** Problem to work on **
Identify all lines in the data containing the string "breakpoint". Copy them out.

** Source data **
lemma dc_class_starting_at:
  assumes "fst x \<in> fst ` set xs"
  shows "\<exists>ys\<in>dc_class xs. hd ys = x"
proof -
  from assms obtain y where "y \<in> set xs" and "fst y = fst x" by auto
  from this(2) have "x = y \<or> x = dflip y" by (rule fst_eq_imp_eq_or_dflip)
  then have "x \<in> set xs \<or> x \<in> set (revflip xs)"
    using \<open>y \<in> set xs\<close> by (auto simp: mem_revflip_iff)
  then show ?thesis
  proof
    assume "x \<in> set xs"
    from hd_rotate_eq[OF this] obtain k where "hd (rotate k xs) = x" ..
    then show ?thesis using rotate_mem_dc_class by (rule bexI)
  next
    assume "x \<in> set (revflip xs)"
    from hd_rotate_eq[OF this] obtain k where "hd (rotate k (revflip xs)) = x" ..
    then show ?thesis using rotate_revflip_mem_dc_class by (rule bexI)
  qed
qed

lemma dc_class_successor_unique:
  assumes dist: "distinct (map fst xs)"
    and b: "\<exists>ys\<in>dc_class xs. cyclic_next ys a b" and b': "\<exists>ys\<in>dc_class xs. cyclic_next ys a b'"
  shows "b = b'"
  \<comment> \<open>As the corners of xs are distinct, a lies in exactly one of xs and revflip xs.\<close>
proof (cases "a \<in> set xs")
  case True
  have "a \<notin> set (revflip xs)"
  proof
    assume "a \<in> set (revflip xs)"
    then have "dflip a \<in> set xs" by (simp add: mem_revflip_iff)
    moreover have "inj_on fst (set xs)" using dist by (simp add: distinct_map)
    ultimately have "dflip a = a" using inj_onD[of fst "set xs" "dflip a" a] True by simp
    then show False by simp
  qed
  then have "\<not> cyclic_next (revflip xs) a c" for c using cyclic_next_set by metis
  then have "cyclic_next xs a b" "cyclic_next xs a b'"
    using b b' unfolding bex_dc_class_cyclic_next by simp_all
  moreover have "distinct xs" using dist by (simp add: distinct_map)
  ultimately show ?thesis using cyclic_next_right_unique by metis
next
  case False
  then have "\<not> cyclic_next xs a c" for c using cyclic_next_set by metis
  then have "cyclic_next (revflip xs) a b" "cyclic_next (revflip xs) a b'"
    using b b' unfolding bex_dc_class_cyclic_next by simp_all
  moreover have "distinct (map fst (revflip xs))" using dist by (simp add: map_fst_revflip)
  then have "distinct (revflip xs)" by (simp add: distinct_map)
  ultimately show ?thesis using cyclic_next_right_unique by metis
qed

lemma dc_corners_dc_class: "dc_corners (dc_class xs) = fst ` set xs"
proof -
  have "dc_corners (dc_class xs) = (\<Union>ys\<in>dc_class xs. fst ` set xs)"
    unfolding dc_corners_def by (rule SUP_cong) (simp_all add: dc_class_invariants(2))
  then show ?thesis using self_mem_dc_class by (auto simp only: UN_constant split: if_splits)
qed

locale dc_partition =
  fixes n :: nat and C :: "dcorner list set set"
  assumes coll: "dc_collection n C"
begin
---
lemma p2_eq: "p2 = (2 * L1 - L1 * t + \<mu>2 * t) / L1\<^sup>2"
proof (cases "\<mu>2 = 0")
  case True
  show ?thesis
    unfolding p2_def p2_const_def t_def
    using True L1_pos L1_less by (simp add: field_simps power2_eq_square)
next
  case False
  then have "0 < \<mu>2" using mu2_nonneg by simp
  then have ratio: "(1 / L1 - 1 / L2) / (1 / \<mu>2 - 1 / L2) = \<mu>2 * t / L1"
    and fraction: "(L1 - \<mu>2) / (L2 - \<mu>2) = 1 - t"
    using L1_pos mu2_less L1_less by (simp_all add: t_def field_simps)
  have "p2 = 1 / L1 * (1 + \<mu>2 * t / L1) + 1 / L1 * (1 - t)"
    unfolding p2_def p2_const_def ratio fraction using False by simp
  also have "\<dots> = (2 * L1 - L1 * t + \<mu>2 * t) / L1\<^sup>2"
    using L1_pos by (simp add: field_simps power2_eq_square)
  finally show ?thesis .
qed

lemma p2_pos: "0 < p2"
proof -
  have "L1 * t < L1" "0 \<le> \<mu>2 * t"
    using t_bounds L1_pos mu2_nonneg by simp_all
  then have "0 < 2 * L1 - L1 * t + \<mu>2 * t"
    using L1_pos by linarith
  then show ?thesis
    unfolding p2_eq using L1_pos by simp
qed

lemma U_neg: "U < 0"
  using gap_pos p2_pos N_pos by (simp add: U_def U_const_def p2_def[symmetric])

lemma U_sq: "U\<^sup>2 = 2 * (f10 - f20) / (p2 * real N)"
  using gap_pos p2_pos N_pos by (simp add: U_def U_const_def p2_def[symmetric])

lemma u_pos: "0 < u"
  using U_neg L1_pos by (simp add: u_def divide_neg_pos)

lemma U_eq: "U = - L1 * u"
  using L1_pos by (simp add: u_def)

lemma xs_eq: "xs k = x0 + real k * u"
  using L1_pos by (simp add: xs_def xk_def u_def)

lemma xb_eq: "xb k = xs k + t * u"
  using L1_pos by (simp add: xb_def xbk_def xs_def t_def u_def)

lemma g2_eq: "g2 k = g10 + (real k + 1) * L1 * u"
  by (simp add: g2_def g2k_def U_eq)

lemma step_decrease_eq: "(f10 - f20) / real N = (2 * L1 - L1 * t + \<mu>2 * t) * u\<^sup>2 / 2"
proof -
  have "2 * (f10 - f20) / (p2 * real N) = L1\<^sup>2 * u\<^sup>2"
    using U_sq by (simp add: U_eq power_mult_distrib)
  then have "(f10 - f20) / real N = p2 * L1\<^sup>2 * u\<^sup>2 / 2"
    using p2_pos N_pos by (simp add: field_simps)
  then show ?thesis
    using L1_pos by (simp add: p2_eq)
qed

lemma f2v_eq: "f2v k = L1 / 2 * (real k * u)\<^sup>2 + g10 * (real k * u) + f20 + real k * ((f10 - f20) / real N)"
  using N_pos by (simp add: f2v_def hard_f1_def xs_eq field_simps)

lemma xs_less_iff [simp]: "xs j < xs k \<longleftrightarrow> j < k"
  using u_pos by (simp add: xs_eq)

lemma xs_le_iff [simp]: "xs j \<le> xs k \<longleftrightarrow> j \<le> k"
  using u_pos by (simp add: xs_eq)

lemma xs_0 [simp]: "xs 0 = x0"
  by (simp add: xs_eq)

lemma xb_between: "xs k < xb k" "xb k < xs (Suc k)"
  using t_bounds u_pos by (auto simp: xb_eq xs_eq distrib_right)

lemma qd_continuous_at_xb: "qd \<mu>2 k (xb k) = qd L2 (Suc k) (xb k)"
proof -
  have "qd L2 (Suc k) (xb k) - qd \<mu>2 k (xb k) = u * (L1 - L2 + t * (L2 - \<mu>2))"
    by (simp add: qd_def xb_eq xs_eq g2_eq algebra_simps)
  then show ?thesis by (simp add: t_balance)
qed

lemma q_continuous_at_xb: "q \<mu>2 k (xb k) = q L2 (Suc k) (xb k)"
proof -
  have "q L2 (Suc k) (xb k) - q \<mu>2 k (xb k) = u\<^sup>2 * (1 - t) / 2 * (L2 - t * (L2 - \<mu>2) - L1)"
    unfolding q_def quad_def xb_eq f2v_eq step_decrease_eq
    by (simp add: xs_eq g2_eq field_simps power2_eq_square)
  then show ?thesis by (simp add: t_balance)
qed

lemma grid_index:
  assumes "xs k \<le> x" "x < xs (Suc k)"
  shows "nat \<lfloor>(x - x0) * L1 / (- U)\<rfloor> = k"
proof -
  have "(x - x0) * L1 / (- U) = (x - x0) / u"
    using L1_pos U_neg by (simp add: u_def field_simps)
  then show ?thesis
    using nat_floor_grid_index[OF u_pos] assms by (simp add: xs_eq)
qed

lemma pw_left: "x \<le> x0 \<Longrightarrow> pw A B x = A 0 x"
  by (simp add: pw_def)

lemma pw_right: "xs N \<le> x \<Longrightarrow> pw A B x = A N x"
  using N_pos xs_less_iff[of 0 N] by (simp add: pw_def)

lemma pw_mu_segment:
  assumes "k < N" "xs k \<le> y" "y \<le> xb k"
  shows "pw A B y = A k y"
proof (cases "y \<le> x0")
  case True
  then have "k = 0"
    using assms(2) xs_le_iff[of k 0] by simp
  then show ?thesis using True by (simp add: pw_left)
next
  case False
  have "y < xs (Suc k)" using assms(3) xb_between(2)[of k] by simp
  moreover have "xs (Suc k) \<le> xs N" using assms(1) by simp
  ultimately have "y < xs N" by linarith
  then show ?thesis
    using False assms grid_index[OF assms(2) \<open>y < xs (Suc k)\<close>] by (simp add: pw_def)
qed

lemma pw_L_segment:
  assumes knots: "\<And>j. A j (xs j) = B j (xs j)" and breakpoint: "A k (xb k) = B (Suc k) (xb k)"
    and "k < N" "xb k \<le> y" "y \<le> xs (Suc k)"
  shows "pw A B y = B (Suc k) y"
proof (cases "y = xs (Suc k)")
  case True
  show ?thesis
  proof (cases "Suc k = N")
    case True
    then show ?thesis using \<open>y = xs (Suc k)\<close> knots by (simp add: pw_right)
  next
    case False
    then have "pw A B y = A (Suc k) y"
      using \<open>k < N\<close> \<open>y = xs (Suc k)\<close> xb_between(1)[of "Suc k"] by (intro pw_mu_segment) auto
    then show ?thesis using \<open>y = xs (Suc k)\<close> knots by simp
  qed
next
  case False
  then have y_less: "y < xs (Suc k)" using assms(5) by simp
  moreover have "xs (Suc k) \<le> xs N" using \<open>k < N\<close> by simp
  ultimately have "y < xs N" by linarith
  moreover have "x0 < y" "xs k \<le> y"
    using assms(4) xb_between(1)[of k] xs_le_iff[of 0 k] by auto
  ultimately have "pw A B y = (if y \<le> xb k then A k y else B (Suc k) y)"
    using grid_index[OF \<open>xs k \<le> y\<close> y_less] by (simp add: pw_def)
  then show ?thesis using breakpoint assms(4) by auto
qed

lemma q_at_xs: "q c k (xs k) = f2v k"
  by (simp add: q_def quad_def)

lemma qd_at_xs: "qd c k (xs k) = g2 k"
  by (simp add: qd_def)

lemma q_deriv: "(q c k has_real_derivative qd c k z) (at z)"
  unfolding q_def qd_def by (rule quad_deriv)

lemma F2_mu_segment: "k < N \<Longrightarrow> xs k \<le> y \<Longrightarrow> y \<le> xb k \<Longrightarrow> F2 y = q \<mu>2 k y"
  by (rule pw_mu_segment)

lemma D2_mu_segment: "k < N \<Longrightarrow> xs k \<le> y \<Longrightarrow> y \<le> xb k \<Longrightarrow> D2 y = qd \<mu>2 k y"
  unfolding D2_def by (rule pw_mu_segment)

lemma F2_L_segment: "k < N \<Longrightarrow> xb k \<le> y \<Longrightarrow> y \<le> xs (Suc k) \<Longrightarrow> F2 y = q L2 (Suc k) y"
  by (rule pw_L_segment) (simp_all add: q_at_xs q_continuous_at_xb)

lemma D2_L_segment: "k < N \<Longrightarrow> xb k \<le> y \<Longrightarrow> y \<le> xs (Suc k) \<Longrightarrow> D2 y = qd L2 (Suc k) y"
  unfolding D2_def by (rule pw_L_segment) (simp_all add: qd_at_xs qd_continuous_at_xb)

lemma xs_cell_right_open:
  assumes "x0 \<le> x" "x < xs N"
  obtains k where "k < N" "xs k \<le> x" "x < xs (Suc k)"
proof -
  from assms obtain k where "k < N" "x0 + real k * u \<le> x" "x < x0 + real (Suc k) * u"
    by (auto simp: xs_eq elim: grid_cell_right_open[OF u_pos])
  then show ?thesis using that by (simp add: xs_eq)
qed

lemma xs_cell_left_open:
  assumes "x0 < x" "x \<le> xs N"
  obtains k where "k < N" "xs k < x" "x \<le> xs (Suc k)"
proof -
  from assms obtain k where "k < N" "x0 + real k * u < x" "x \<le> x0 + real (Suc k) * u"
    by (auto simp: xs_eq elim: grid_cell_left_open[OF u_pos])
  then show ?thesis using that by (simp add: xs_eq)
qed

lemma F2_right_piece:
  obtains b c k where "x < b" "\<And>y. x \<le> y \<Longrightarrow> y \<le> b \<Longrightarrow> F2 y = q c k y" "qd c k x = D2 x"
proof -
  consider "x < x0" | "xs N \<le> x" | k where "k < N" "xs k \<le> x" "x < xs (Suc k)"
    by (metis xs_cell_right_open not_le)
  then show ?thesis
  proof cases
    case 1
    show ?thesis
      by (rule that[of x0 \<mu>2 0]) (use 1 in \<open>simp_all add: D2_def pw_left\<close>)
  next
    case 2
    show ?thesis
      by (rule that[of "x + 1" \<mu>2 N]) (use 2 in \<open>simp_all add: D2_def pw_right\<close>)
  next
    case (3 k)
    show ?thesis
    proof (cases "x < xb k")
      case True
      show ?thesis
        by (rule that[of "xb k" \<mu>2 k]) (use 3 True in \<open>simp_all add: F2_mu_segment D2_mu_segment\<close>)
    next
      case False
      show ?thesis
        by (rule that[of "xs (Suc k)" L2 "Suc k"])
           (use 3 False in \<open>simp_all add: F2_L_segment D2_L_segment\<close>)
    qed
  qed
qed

** Result **
  assumes knots: "\<And>j. A j (xs j) = B j (xs j)" and breakpoint: "A k (xb k) = B (Suc k) (xb k)"
  then show ?thesis using breakpoint assms(4) by auto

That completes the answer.